All that’s clear to me today are the textures and smells of my grandparents’ house, the sound of bobwhites in the back yard, the slam of the porch door—all the ingredients of nostalgia—but not the soul who kept it running, the woman whose hands were capable and generous, who was, in her way, omnipotent, despite living in modest quarters over the garage (at least my grandparents air-conditioned that ). The one person who never seemed to mind my interruptions (but did she have a choice?), who took me down to the river and taught me how to bait crabs, and once, as we lugged a basketful of them back to the kitchen, spun the creatures over her head in a display of gaiety I am still not entirely sure I witnessed. Maybe I’ve invented her cheer because I so want her to have been happy, this woman whose existence made ours possible, this cipher in our midst, as coy and wondrous as the pies she held aloft, emerging from the kitchen’s gray door, pounding her weight into the carpet, delivering sweets.
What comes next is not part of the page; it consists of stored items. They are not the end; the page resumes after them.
theorem lemma4p7p3:
  fixes bin :: bool
  shows
  "\<comment> \<open>(i) nabla_2 is a unital algebra morphism (A, sh) \<rightarrow> (A \<otimes> A, sh \<otimes> sh)\<close>
   (\<forall>f :: 'x::countable mono \<Rightarrow> 'k::field_char_0. inA bin f \<longrightarrow> inAA bin (nabla2 bin f)) \<and>
   (\<forall>f g :: 'x mono \<Rightarrow> 'k. inA bin f \<longrightarrow> inA bin g \<longrightarrow>
      nabla2 bin (\<lambda>m. f m + g m) = (\<lambda>p. nabla2 bin f p + nabla2 bin g p)) \<and>
   (\<forall>(c :: 'k) (f :: 'x mono \<Rightarrow> 'k). inA bin f \<longrightarrow>
      nabla2 bin (\<lambda>m. c * f m) = (\<lambda>p. c * nabla2 bin f p)) \<and>
   (nabla2 bin (basis One :: 'x mono \<Rightarrow> 'k) = basis (One, One)) \<and>
   (\<forall>f g :: 'x mono \<Rightarrow> 'k. inA bin f \<longrightarrow> inA bin g \<longrightarrow>
      nabla2 bin (shuffle bin f g) = tprod bin (nabla2 bin f) (nabla2 bin g)) \<and>
   \<comment> \<open>(ii) not coassociative, and the explicit formula on nonempty monomials\<close>
   (\<exists>f :: 'x mono \<Rightarrow> 'k. inA bin f \<and>
      nabla_left bin (nabla2 bin f) \<noteq> nabla_right bin (nabla2 bin f)) \<and>
   (\<forall>(t :: 'x tree) t1 t2. validm bin (Tr t) \<longrightarrow> t = Node [t1, t2] \<longrightarrow>
      nabla2 bin (basis (Tr t) :: 'x mono \<Rightarrow> 'k) =
        (\<lambda>p. basis (Tr t, One) p + basis (One, Tr t) p + basis (Tr t1, Tr t2) p)) \<and>
   (\<forall>t :: 'x tree. validm bin (Tr t) \<longrightarrow> arity t \<noteq> 2 \<longrightarrow>
      nabla2 bin (basis (Tr t) :: 'x mono \<Rightarrow> 'k) =
        (\<lambda>p. basis (Tr t, One) p + basis (One, Tr t) p)) \<and>
   \<comment> \<open>(iii) reduced coproduct maps Abar into Abar \<otimes> Abar\<close>
   (\<forall>f :: 'x mono \<Rightarrow> 'k. inAbar bin f \<longrightarrow> inAbarAbar bin (nabla2' bin f))"
  by (intro conjI allI impI)
    (simp_all add: inAA_nabla2 nabla2_add nabla2_scale nabla2_unit nabla2_shuffle
      nabla2_not_coassociative nabla2_basis_Node2 nabla2_basis_arity_neq_2 inAbarAbar_nabla2')

end
theory Submission
  imports Defs
begin

text \<open>Pick w in T(a). The cocycle identity shows that S_k = (1 + a + ... + a^(k-1)) w lies in
  T(a^k); in particular N w lies in T(1) = Y_i, where N is the norm element of C_(p^2). Since
  N w = c N with c the coefficient sum of w, c lies in K, so c Phi(a) lies in Y_i and
  x = S_p - c Phi(a) = Phi(a) (w - c) still represents T(a^p). The p-th power of (a^p, x) in
  Crys is (1, N (w - c)) = (1, 0), because the coefficients of w - c sum to zero; as a^p has
  order p, so has (a^p, x). Only Phi(a) in Y_i is used, and the argument works for any
  cyclic group of order p q.\<close>

section \<open>The action of C_n on F C_n\<close>

lemma int_shifted_index:
  assumes "j < n"
  shows "int ((j + n - k mod n) mod n) = (int j - int k) mod int n"
proof -
  have "k mod n < n" using assms by simp
  then have "int (j + n - k mod n) = int j + int n - int k mod int n"
    by (simp add: zmod_int)
  also have "(\<dots>) mod int n = (int j - int k) mod int n"
    by (metis add.commute add_diff_eq mod_add_self1 mod_diff_right_eq)
  finally show ?thesis by (simp add: zmod_int)
qed

lemma shifted_index_eq_iff:
  assumes "(t::nat) < n"
  shows "(t + n - k mod n) mod n = j mod n \<longleftrightarrow> t = (j + k) mod n"
proof -
  have "(t + n - k mod n) mod n = j mod n \<longleftrightarrow> (int t - int k) mod int n = int j mod int n"
    using int_shifted_index[OF assms] by (metis of_nat_eq_iff zmod_int)
  also have "\<dots> \<longleftrightarrow> int t mod int n = (int j + int k) mod int n"
    by (simp add: mod_eq_dvd_iff algebra_simps)
  also have "\<dots> \<longleftrightarrow> t = (j + k) mod n"
    using assms by (metis of_nat_eq_iff zmod_int of_nat_add mod_less)
  finally show ?thesis .
qed

lemma gr_act_mod: "gr_act n (k mod n) x = gr_act n k x"
  unfolding gr_act_def by (rule ext) simp

lemma gr_act_gr_act: "gr_act n g (gr_act n h x) = gr_act n (h + g) x"
proof (rule ext)
  fix j
  show "gr_act n g (gr_act n h x) j = gr_act n (h + g) x j"
  proof (cases "j < n")
    case True
    have "int (((j + n - g mod n) mod n + n - h mod n) mod n)
        = (int ((j + n - g mod n) mod n) - int h) mod int n"
      using True by (simp add: int_shifted_index)
    also have "\<dots> = (int j - int (h + g)) mod int n"
      using True by (simp add: int_shifted_index mod_diff_left_eq algebra_simps)
    also have "\<dots> = int ((j + n - (h + g) mod n) mod n)"
      using True by (simp add: int_shifted_index)
    finally have "((j + n - g mod n) mod n + n - h mod n) mod n = (j + n - (h + g) mod n) mod n"
      by (simp only: of_nat_eq_iff)
    then show ?thesis using True by (simp add: gr_act_def)
  qed (simp add: gr_act_def)
qed

lemma gr_act_zero_left: "x \<in> gr_elems n \<Longrightarrow> gr_act n 0 x = x"
  by (rule ext) (auto simp: gr_act_def gr_elems_def)

lemma gr_act_add: "gr_act n k (x + y) = gr_act n k x + gr_act n k y"
  by (rule ext) (simp add: gr_act_def)

lemma gr_act_diff: "gr_act n k (x - y) = gr_act n k x - gr_act n k y"
  by (rule ext) (simp add: gr_act_def)

lemma gr_act_uminus: "gr_act n k (- x) = - gr_act n k x"
  by (rule ext) (simp add: gr_act_def)

lemma gr_act_zero: "gr_act n k 0 = 0"
  by (rule ext) (simp add: gr_act_def)

lemma gr_act_smult: "gr_act n k (gr_smult c x) = gr_smult c (gr_act n k x)"
  by (rule ext) (simp add: gr_act_def gr_smult_def)

lemma sum_fun_apply: "(\<Sum>i\<in>A. f i) x = (\<Sum>i\<in>A. f i x)"
  by (induction A rule: infinite_finite_induct) auto

lemma gr_act_sum: "gr_act n k (\<Sum>i\<in>A. f i) = (\<Sum>i\<in>A. gr_act n k (f i))"
  by (rule ext) (simp add: gr_act_def sum_fun_apply)

lemma gr_act_basis: "gr_act n k (gr_basis n j) = gr_basis n (j + k)"
  by (rule ext) (auto simp: gr_act_def gr_basis_def shifted_index_eq_iff)

definition gr_geom :: "nat \<Rightarrow> nat \<Rightarrow> (nat \<Rightarrow> 'f::field)" where
  "gr_geom n k = (\<Sum>j<k. gr_basis n j)"

lemma gr_geom_apply: "k \<le> n \<Longrightarrow> gr_geom n k j = (if j < k then 1 else 0)"
proof -
  assume "k \<le> n"
  then have "gr_geom n k j = (\<Sum>l<k. if j = l then 1 else 0)"
    unfolding gr_geom_def gr_basis_def sum_fun_apply by (intro sum.cong) auto
  then show ?thesis by simp
qed

lemma gr_geom_in_gr_elems: "gr_geom n k \<in> gr_elems n"
  by (simp add: gr_geom_def gr_basis_def gr_elems_def sum_fun_apply)

lemma gr_act_orbit_sum: "(\<Sum>t<n. gr_act n t z) = gr_smult (\<Sum>s<n. z s) (gr_geom n n)"
proof (rule ext)
  fix j
  show "(\<Sum>t<n. gr_act n t z) j = gr_smult (\<Sum>s<n. z s) (gr_geom n n) j"
  proof (cases "j < n")
    case True
    have involution: "(j + n - (j + n - t) mod n) mod n = t" if "t < n" for t
    proof -
      have "int ((j + n - (j + n - t mod n) mod n mod n) mod n) = int t"
        using True that by (simp add: int_shifted_index mod_diff_right_eq)
      then show ?thesis using that by simp
    qed
    have "(\<Sum>t<n. gr_act n t z) j = (\<Sum>t<n. z ((j + n - t) mod n))"
      using True by (simp add: sum_fun_apply gr_act_def)
    also have "\<dots> = (\<Sum>s<n. z s)"
      by (rule sum.reindex_bij_witness[where i="\<lambda>s. (j + n - s) mod n" and j="\<lambda>s. (j + n - s) mod n"])
        (use True in \<open>auto simp: involution\<close>)
    finally show ?thesis using True by (simp add: gr_smult_def gr_geom_apply)
  qed (simp add: sum_fun_apply gr_act_def gr_smult_def gr_geom_def gr_basis_def)
qed

lemma gr_act_sum_blocks:
  "(\<Sum>j<q. gr_act (p * q) (j * p) (\<Sum>l<p. gr_act (p * q) l z)) = (\<Sum>t<p * q. gr_act (p * q) t z)"
proof -
  have "(\<Sum>j<q. gr_act (p * q) (j * p) (\<Sum>l<p. gr_act (p * q) l z))
      = (\<Sum>j<q. \<Sum>l<p. gr_act (p * q) (l + j * p) z)"
    by (simp add: gr_act_sum gr_act_gr_act)
  also have "\<dots> = (\<Sum>j<q. \<Sum>t\<in>{j * p..<j * p + p}. gr_act (p * q) t z)"
  proof (rule sum.cong[OF refl])
    fix j
    show "(\<Sum>l<p. gr_act (p * q) (l + j * p) z) = (\<Sum>t\<in>{j * p..<j * p + p}. gr_act (p * q) t z)"
      using sum.shift_bounds_nat_ivl[of "\<lambda>t. gr_act (p * q) t z" 0 "j * p" p]
      by (simp add: atLeast0LessThan add.commute)
  qed
  also have "\<dots> = (\<Sum>t<q * p. gr_act (p * q) t z)"
    by (rule sum.nat_group)
  finally show ?thesis by (simp add: mult.commute)
qed

lemma gr_act_partial_orbit_scalar:
  "(\<Sum>l<k. gr_act n l (gr_smult c (gr_basis n 0))) = gr_smult c (gr_geom n k)"
proof -
  have "(\<Sum>l<k. gr_act n l (gr_smult c (gr_basis n 0))) = (\<Sum>l<k. gr_smult c (gr_basis n l))"
    by (simp only: gr_act_smult gr_act_basis add_0)
  then show ?thesis
    by (simp add: gr_geom_def gr_smult_def sum_fun_apply sum_distrib_left fun_eq_iff)
qed

section \<open>The coefficient ring K and the module Y_i\<close>

definition is_subring :: "'f::field set \<Rightarrow> bool" where
  "is_subring K \<longleftrightarrow> 0 \<in> K \<and> 1 \<in> K \<and> -1 \<in> K \<and> (\<forall>a\<in>K. \<forall>b\<in>K. a + b \<in> K \<and> a * b \<in> K)"

lemma ring_copy_in_is_subring:
  assumes copy: "ring_copy_in R ad mu on K"
    and in_R: "z \<in> R" "on \<in> R" "ng \<in> R"
    and zero: "ad z z = z" and minus_one: "ad ng on = z"
    and closed: "\<And>x y. x \<in> R \<Longrightarrow> y \<in> R \<Longrightarrow> ad x y \<in> R \<and> mu x y \<in> R"
  shows "is_subring K"
proof -
  obtain \<phi> where img: "\<phi> ` R = K" and one: "\<phi> on = 1"
    and hom: "\<And>x y. x \<in> R \<Longrightarrow> y \<in> R \<Longrightarrow> \<phi> (ad x y) = \<phi> x + \<phi> y \<and> \<phi> (mu x y) = \<phi> x * \<phi> y"
    using copy unfolding ring_copy_in_def by blast
  have "\<phi> z = \<phi> z + \<phi> z" using hom[OF in_R(1) in_R(1)] zero by simp
  then have "\<phi> z = 0" by (metis add_cancel_right_right)
  have "\<phi> ng = -1"
    using hom[OF in_R(3) in_R(2)] minus_one one \<open>\<phi> z = 0\<close> by (simp add: eq_neg_iff_add_eq_0)
  have in_K: "\<phi> x \<in> K" if "x \<in> R" for x using img that by blast
  have "a + b \<in> K \<and> a * b \<in> K" if ab: "a \<in> K" "b \<in> K" for a b
  proof -
    obtain x y where xy: "x \<in> R" "y \<in> R" and "a = \<phi> x" "b = \<phi> y" using img ab by blast
    then have "a + b = \<phi> (ad x y)" "a * b = \<phi> (mu x y)" using hom[OF xy] by simp_all
    then show ?thesis using closed[OF xy] in_K by simp
  qed
  with in_K[OF in_R(1)] in_K[OF in_R(2)] in_K[OF in_R(3)] show ?thesis
    unfolding is_subring_def by (simp add: \<open>\<phi> z = 0\<close> \<open>\<phi> ng = -1\<close> one)
qed

lemma quotient_of_denom_dvd:
  assumes "quotient_of r = (a', b')" "r = of_int a / of_int b" "b \<noteq> 0"
  shows "b' dvd b"
proof -
  have "b' > 0" "coprime a' b'" "r = of_int a' / of_int b'"
    using assms(1) by (simp_all add: quotient_of_denom_pos quotient_of_coprime quotient_of_div)
  then have "(of_int a' :: rat) * of_int b = of_int a * of_int b'"
    using assms(2,3) by (simp add: frac_eq_eq)
  then have "a' * b = a * b'" by (metis of_int_eq_iff of_int_mult)
  then have "b' dvd a' * b" by (metis dvd_triv_right)
  with \<open>coprime a' b'\<close> show ?thesis by (metis coprime_commute coprime_dvd_mult_right_iff)
qed

lemma Zloc_iff: "r \<in> Zloc p \<longleftrightarrow> (\<exists>a b. b \<noteq> 0 \<and> \<not> int p dvd b \<and> r = of_int a / of_int b)"
proof
  assume "r \<in> Zloc p"
  then show "\<exists>a b. b \<noteq> 0 \<and> \<not> int p dvd b \<and> r = of_int a / of_int b"
    unfolding Zloc_def
    by (metis (mono_tags, lifting) mem_Collect_eq prod.collapse quotient_of_denom_pos' quotient_of_div less_irrefl)
next
  assume "\<exists>a b. b \<noteq> 0 \<and> \<not> int p dvd b \<and> r = of_int a / of_int b"
  then obtain a b where ab: "b \<noteq> 0" "\<not> int p dvd b" "r = of_int a / of_int b" by blast
  obtain a' b' where q: "quotient_of r = (a', b')" by (cases "quotient_of r")
  have "b' dvd b" using quotient_of_denom_dvd[OF q ab(3) ab(1)] .
  then have "\<not> int p dvd b'" using ab(2) dvd_trans by blast
  then show "r \<in> Zloc p" unfolding Zloc_def using q by simp
qed

lemma is_subring_Zloc:
  assumes "prime p" "is_Zloc_in p K"
  shows "is_subring K"
proof -
  have p: "prime (int p)" using assms(1) by simp
  have "\<not> int p dvd 1" using p not_prime_unit by blast
  then have int_in: "of_int a \<in> Zloc p" for a
    unfolding Zloc_iff by (intro exI[of _ a] exI[of _ 1]) simp
  have closed: "x + y \<in> Zloc p \<and> x * y \<in> Zloc p" if xy: "x \<in> Zloc p" "y \<in> Zloc p" for x y
  proof -
    obtain a b where ab: "b \<noteq> 0" "\<not> int p dvd b" "x = of_int a / of_int b"
      using xy(1) Zloc_iff by blast
    obtain c d where cd: "d \<noteq> 0" "\<not> int p dvd d" "y = of_int c / of_int d"
      using xy(2) Zloc_iff by blast
    have "b * d \<noteq> 0" "\<not> int p dvd b * d" using ab cd p by (simp_all add: prime_dvd_mult_iff)
    moreover have "x + y = of_int (a * d + c * b) / of_int (b * d)" "x * y = of_int (a * c) / of_int (b * d)"
      using ab cd by (simp_all add: add_frac_eq)
    ultimately show ?thesis unfolding Zloc_iff by blast
  qed
  have zero: "0 \<in> Zloc p" and one: "1 \<in> Zloc p" and minus_one: "-1 \<in> Zloc p"
    using int_in[of 0] int_in[of 1] int_in[of "-1"] by simp_all
  have "(0::rat) + 0 = 0" "-1 + (1::rat) = 0" by simp_all
  with assms(2) zero one minus_one show ?thesis
    unfolding is_Zloc_in_def using closed by (rule ring_copy_in_is_subring)
qed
Carrie’s Rhubarb Custard Pie
2 ½ cups unpeeled rhubarb, cut in 1-inch lengths
1 ½ cups sugar
2 tbsp flour
2 eggs, slightly beaten
1 ½ tsp lemon juice
pinch of salt
pastry for 9-inch double pie crust
2 tbsp butter
2 tsp sugar
Mix together fruit, sugar, flour, eggs, lemon juice, and salt. Turn into pastry-lined pie pan. Dot with butter. Lay on top pastry, fold bottom pastry edge over top crust & flute edges to seal in juice. Sprinkle with 2 tsp sugar. Bake at 450 degrees for 10 minutes. Reduce heat to 350 degrees & bake 30 minutes longer.